▸ **What to produce**
Your job with the data below is to output exactly the lines from the one holding "On the other" down to the one holding "by (rule fundamental_theorem_of_calculus[OF ab f'])", both included, and no others.

-------- Data --------

(* Let $A\in\Omega^1([0,1],\mathfrak g)$ (formal, i.e. treated as an infinitesimal/formal variable) and let $A_T$, $T\ge0$, be the solution of the flow equation $\partial_TA_T=-\mathrm{d}_{A_T}\kappa_{\mathcal A}(A_T)$ with $A_0=A$ (the flow $\Phi_T$ of $-H^{\mathrm{cl}}$ restricted to fields with $c=A^+=c^+=0$). Then $$\pi^{\mathrm{cl}}_{\mathrm{int}}(A)=\lim_{T\to\infty}\pi(\Phi_T(A))=-e_I\,\log P\exp\Big(-\int_0^1A\Big)\in C^1(I,\mathfrak g)\cong\mathfrak g,$$ i.e. $\lim_{T\to\infty}\int_0^1A_T=-\log P\exp(-\int_0^1A)$, while the other components ($c_0,c_1$ and the chain components) of $\pi^{\mathrm{cl}}_{\mathrm{int}}(A)$ vanish.
   Context: 1d $BF$ theory on $I=[0,1]$ with unimodular Lie algebra $\mathfrak g$: fields $\mathcal A=c+A\in\Omega^\bullet(I,\mathfrak g)[1]$ ($c$ a 0-form of ghost number 1, $A$ a 1-form) and $\mathcal B=A^++c^+\in\Omega^\bullet_{\mathrm{distr}}(I,\mathfrak g^* )[-1]$; action $S=\int_I\langle\mathcal B,\mathrm{d}\mathcal A+\frac12[\mathcal A,\mathcal A]\rangle$. Infrared fields: cellular cochains $C^\bullet(I,\mathfrak g)[1]$ with basis $e_0,e_1,e_I$ and cellular chains $C_{-\bullet}(I,\mathfrak g^* )[-2]$ with basis $e^0,e^1,e^I$. Whitney–Dupont SDR: $\pi(c+A,A^++c^+)=\big(e_0c(0)+e_1c(1)+e_I\int_0^1A,\ e^0\int_0^1(1-t)c^++e^1\int_0^1tc^++e^I\int_0^1\mathrm{d}t\,A^+\big)$; chain homotopy on the $\mathcal A$-sector $\kappa_{\mathcal A}(c+A)(t)=\int_0^1(\theta(t-t')-t)A(t')$ (and dual one on the $\mathcal B$-sector). $\mathrm{d}_Af=\mathrm{d}f+[A,f]$. $H^{\mathrm{cl}}=[\hat\kappa,\{S,-\}]$ is the classical TQM vector field, whose restriction to fields $(A,0)$ is $\int_0^1\langle\mathrm{d}_A\kappa_{\mathcal A}(A),\frac{\delta}{\delta A}\rangle$; $\Phi_T$ is the flow of $-H^{\mathrm{cl}}$. Path-ordered exponential convention: $P\exp(-\int_0^1A)=\lim\,(1-A(t_N)\Delta t)\cdots(1-A(t_1)\Delta t)$ with later times to the left (so $-\log P\exp(-\int_0^1 A)=\int_0^1A-\frac12\int_0^1\mathrm{d}t\int_0^t\mathrm{d}t'[\underline A(t),\underline A(t')]+\cdots$ with $A=\mathrm{d}t\,\underline A$, the Magnus expansion). *)

theory Defs
  imports "HOL-Analysis.Analysis"
begin

text \<open>The Lie algebra g is realised as a real Banach algebra with the commutator bracket.
A g-valued 1-form A = dt a(t) on I = [0,1] is represented by its coefficient a.\<close>

definition lie_bracket :: "'a::real_normed_algebra \<Rightarrow> 'a \<Rightarrow> 'a" where
  "lie_bracket x y = x * y - y * x"

definition kappaA :: "(real \<Rightarrow> 'a::real_normed_algebra) \<Rightarrow> real \<Rightarrow> 'a" where
  "kappaA a t = integral {0..1} (\<lambda>s. ((if s < t then 1 else 0) - t) *\<^sub>R a s)"

definition covd :: "(real \<Rightarrow> 'a::real_normed_algebra) \<Rightarrow> (real \<Rightarrow> 'a) \<Rightarrow> real \<Rightarrow> 'a" where
  "covd a f t = vector_derivative f (at t within {0..1}) + lie_bracket (a t) (f t)"

text \<open>Path-ordered exponential P exp(- int_0^1 A) = U(1), where U(0) = 1 and
U' = - a U (later times to the left).\<close>
definition pexp_neg :: "(real \<Rightarrow> 'a::{real_normed_algebra_1,banach}) \<Rightarrow> 'a" where
  "pexp_neg a = (THE x. \<exists>U. U 0 = 1 \<and>
      (\<forall>t\<in>{0..1}. (U has_vector_derivative (- (a t * U t))) (at t within {0..1})) \<and> U 1 = x)"

definition alg_log :: "'a::{real_normed_algebra_1,banach} \<Rightarrow> 'a" where
  "alg_log x = (\<Sum>n. ((-1) ^ n / real (Suc n)) *\<^sub>R (x - 1) ^ Suc n)"

end

(*
  Split A_T = dt aa_T into its mean m_T = int_0^1 aa_T and its fluctuation dev_T = aa_T - m_T.
  Since kappa(A_T) is the primitive of dev_T vanishing at both endpoints, the flow reads
  dev' = -dev + O(|aa| |dev|) and m' = -int_0^1 [aa, kappa(aa)], which is quadratic in the small
  quantities.  For small initial data a continuity argument shows that dev_T and m'_T decay like
  exp(-T/2); hence m_T converges to some c and aa_T tends to the constant c uniformly.

  On the other hand, -d_A kappa(A) is an infinitesimal gauge transformation whose parameter
  kappa(A) vanishes at t = 1, so the holonomy P exp(-int A_T) does not depend on T.  Comparing it
  with the holonomy exp(-c) of the constant limit gives P exp(-int A) = exp(-c), that is,
  lim int A_T = c = -log P exp(-int A).
*)
theory Submission
  imports Defs "HOL-Real_Asymp.Real_Asymp"
begin

section \<open>Curves on an interval\<close>

lemma norm_diff_le_majorant:
  fixes f :: "real \<Rightarrow> 'a::banach"
  assumes ab: "a \<le> b"
    and f': "\<And>x. x \<in> {a..b} \<Longrightarrow> (f has_vector_derivative f' x) (at x within {a..b})"
    and g': "\<And>x. x \<in> {a..b} \<Longrightarrow> (g has_real_derivative g' x) (at x within {a..b})"
    and le: "\<And>x. x \<in> {a..b} \<Longrightarrow> norm (f' x) \<le> g' x"
  shows "norm (f b - f a) \<le> g b - g a"
proof -
  have F: "(f' has_integral (f b - f a)) {a..b}"
    by (rule fundamental_theorem_of_calculus[OF ab f'])
  have G: "(g' has_integral (g b - g a)) {a..b}"
    by (rule fundamental_theorem_of_calculus[OF ab])
       (use g' in \<open>auto simp: has_real_derivative_iff_has_vector_derivative\<close>)
  have "norm (integral {a..b} f') \<le> integral {a..b} g'"
    by (rule integral_norm_bound_integral) (use F G le in auto)
  then show ?thesis using F G by (simp add: integral_unique)
qed

lemma gronwall_contraction:
  fixes f :: "real \<Rightarrow> 'a::banach"
  assumes f0: "f 0 = 0"
    and f': "\<And>t. t \<in> {0..1} \<Longrightarrow> (f has_vector_derivative f' t) (at t within {0..1})"
    and bound: "\<And>t. t \<in> {0..1} \<Longrightarrow> norm (f' t) \<le> q * norm (f t) + \<beta>"
    and q: "0 \<le> q" "q < 1" and \<beta>: "0 \<le> \<beta>" and t: "t \<in> {0..1}"
  shows "norm (f t) \<le> \<beta> / (1 - q)"
proof -
  have "continuous_on {0..1} (\<lambda>t. norm (f t))"
    using f' by (intro continuous_on_norm continuous_on_vector_derivative)
  then obtain t0 where t0: "t0 \<in> {0..1}" and max: "\<And>s. s \<in> {0..1} \<Longrightarrow> norm (f s) \<le> norm (f t0)"
    using continuous_attains_sup[of "{0..1}" "\<lambda>t. norm (f t)"] by fastforce
  define M where "M = norm (f t0)"
  have "norm (f s) \<le> q * M + \<beta>" if s: "s \<in> {0..1}" for s
  proof -
    have "norm (f s - f 0) \<le> (q * M + \<beta>) * s - (q * M + \<beta>) * 0"
    proof (rule norm_diff_le_majorant[where f' = f' and g' = "\<lambda>_. q * M + \<beta>"])
      fix x assume "x \<in> {0..s}"
      then have x: "x \<in> {0..1}" using s by auto
      show "(f has_vector_derivative f' x) (at x within {0..s})"
        by (rule has_vector_derivative_within_subset[OF f'[OF x]]) (use s in auto)
      show "((\<lambda>x. (q * M + \<beta>) * x) has_real_derivative q * M + \<beta>) (at x within {0..s})"
        by (auto intro!: derivative_eq_intros)
      have "q * norm (f x) \<le> q * M"
        using max[OF x] q by (simp add: M_def mult_left_mono)
      then show "norm (f' x) \<le> q * M + \<beta>" using bound[OF x] by linarith
    qed (use s in auto)
    also have "\<dots> \<le> q * M + \<beta>"
      using s q \<beta> by (simp add: M_def mult_left_le)
    finally show ?thesis using f0 by simp
  qed
  then have "M \<le> q * M + \<beta>" using t0 by (simp add: M_def)
  then have "M \<le> \<beta> / (1 - q)" using q by (simp add: field_simps)
  then show ?thesis using max[OF t] by (simp add: M_def)
qed
definition s_continuous_ia ::
  "('a \<Rightarrow> 'a \<Rightarrow> 'a) \<Rightarrow> 'a \<Rightarrow> ('a \<Rightarrow> 'd::lattice \<Rightarrow> 'a) \<Rightarrow> bool" where
  "s_continuous_ia comb e foc \<longleftrightarrow>
     (\<exists>t::'d. \<forall>x. x \<le> t) \<and>
     (\<exists>\<Gamma>. basis_cond comb e \<Gamma> \<and>
        (\<forall>\<phi> x. is_lub_in (info_le comb) UNIV
                 {\<psi>\<in>\<Gamma>. \<psi> = foc \<psi> x \<and> df_way_below comb \<psi> \<phi>} (foc \<phi> x)))"

definition labeled_carrier :: "('a \<Rightarrow> 'd \<Rightarrow> 'a) \<Rightarrow> ('a \<times> 'd) set" where
  "labeled_carrier foc = {(\<phi>, x). \<phi> = foc \<phi> x}"

definition labeled_comb ::
  "('a \<Rightarrow> 'a \<Rightarrow> 'a) \<Rightarrow> ('a \<times> 'd::lattice) \<Rightarrow> ('a \<times> 'd) \<Rightarrow> ('a \<times> 'd)" where
  "labeled_comb comb p q = (comb (fst p) (fst q), sup (snd p) (snd q))"

definition labeled_marg :: "('a \<Rightarrow> 'd \<Rightarrow> 'a) \<Rightarrow> ('a \<times> 'd) \<Rightarrow> 'd \<Rightarrow> ('a \<times> 'd)" where
  "labeled_marg foc p y = (foc (fst p) y, y)"

definition labeled_le :: "('a \<Rightarrow> 'a \<Rightarrow> 'a) \<Rightarrow> ('a \<times> 'd::lattice) \<Rightarrow> ('a \<times> 'd) \<Rightarrow> bool" where
  "labeled_le comb p q \<longleftrightarrow> labeled_comb comb p q = q"

definition labeled_slice :: "('a \<Rightarrow> 'd \<Rightarrow> 'a) \<Rightarrow> 'd \<Rightarrow> ('a \<times> 'd) set" where
  "labeled_slice foc x = {p \<in> labeled_carrier foc. snd p = x}"

definition way_below_x ::
  "('a \<Rightarrow> 'a \<Rightarrow> 'a) \<Rightarrow> ('a \<Rightarrow> 'd::lattice \<Rightarrow> 'a) \<Rightarrow> 'd \<Rightarrow> ('a \<times> 'd) \<Rightarrow> ('a \<times> 'd) \<Rightarrow> bool" where
  "way_below_x comb foc x p q \<longleftrightarrow> way_below_in (labeled_le comb) (labeled_slice foc x) p q"
lemma ln_band_ratio_bound:
  assumes pos: "\<And>n. a n > 0" and "p \<ge> 1"
    and bands: "is_band_decomposition a b p lmin lmax" and width: "lmax p - lmin 1 \<le> d"
    and n: "n \<in> {1..p}"
  shows "0 < ln (4 * d / measure lebesgue {lmin n..lmax n})" (is ?pos)
    and "ln (4 * d / measure lebesgue {lmin n..lmax n})
           \<le> real p * ln (d / (\<Prod>k=1..p. a (int k)) powr (1 / real p))" (is ?le)
proof -
  have edges: "\<And>k. k \<in> {1..p} \<Longrightarrow> lmin k < lmax k"
    and gaps: "\<And>k. k \<in> {1..<p} \<Longrightarrow> lmax k \<le> lmin (Suc k)"
    using bands unfolding is_band_decomposition_def by auto
  have hull: "lmin 1 \<le> lmin n" "lmax n \<le> lmax p" and "lmin n < lmax n"
    using sorted_intervals_within_hull[of p lmin lmax, OF edges gaps n] edges[OF n] by auto
  have "4 * (\<Prod>k=1..p. a (int k)) \<le> (lmax p - lmin 1) ^ (p - 1) * (lmax n - lmin n)"
    by (rule band_length_lower_bound[OF pos assms(2) bands n])
  also have "\<dots> \<le> d ^ (p - 1) * (lmax n - lmin n)"
    using hull \<open>lmin n < lmax n\<close> width by (intro mult_right_mono power_mono) auto
  finally have "4 * (\<Prod>k=1..p. a (int k)) \<le> d ^ (p - 1) * (lmax n - lmin n)" .
  moreover have "lmax n - lmin n \<le> d"
    using hull width by linarith
  moreover have "(\<Prod>k=1..p. a (int k)) > 0"
    using pos by (simp add: prod_pos)
  ultimately show ?pos ?le
    using ln_ratio_le_of_length_bound[of p _ "lmax n - lmin n" d] \<open>lmin n < lmax n\<close> assms(2)
    by simp_all
qed

theorem theorem1p1:
  fixes p :: nat and a b :: "int \<Rightarrow> real" and lmin lmax :: "nat \<Rightarrow> real" and d :: real
  assumes "p \<ge> 2"
    and "\<And>n. a n > 0"
    and "\<And>n. a (n + int p) = a n"
    and "\<And>n. b (n + int p) = b n"
    and "is_band_decomposition a b p lmin lmax"
    and "lmax p - lmin 1 \<le> d"
  shows "1 / ln (d / ((\<Prod>k=1..p. a (int k)) powr (1 / real p)))
           \<le> (\<Sum>n=1..p. 1 / ln (4 * d / measure lebesgue {lmin n..lmax n}))"
proof -
  define Y where "Y = ln (d / (\<Prod>k=1..p. a (int k)) powr (1 / real p))"
  note term_bound = ln_band_ratio_bound[OF assms(2) _ assms(5,6), folded Y_def]
  have "0 < real p * Y"
    using term_bound[of 1] assms(1) by force
  then have "Y > 0"
    by (simp add: zero_less_mult_iff)
  have "1 / Y = (\<Sum>n=1..p. 1 / (real p * Y))"
    using assms(1) by simp
  also have "\<dots> \<le> (\<Sum>n=1..p. 1 / ln (4 * d / measure lebesgue {lmin n..lmax n}))"
    using term_bound assms(1) by (intro sum_mono frac_le) auto
  finally show ?thesis
    unfolding Y_def .
qed

end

--------

▸ **Exercise solution**
  On the other hand, -d_A kappa(A) is an infinitesimal gauge transformation whose parameter
  kappa(A) vanishes at t = 1, so the holonomy P exp(-int A_T) does not depend on T.  Comparing it
  with the holonomy exp(-c) of the constant limit gives P exp(-int A) = exp(-c), that is,
  lim int A_T = c = -log P exp(-int A).
*)
theory Submission
  imports Defs "HOL-Real_Asymp.Real_Asymp"
begin

section \<open>Curves on an interval\<close>

lemma norm_diff_le_majorant:
  fixes f :: "real \<Rightarrow> 'a::banach"
  assumes ab: "a \<le> b"
    and f': "\<And>x. x \<in> {a..b} \<Longrightarrow> (f has_vector_derivative f' x) (at x within {a..b})"
    and g': "\<And>x. x \<in> {a..b} \<Longrightarrow> (g has_real_derivative g' x) (at x within {a..b})"
    and le: "\<And>x. x \<in> {a..b} \<Longrightarrow> norm (f' x) \<le> g' x"
  shows "norm (f b - f a) \<le> g b - g a"
proof -
  have F: "(f' has_integral (f b - f a)) {a..b}"
    by (rule fundamental_theorem_of_calculus[OF ab f'])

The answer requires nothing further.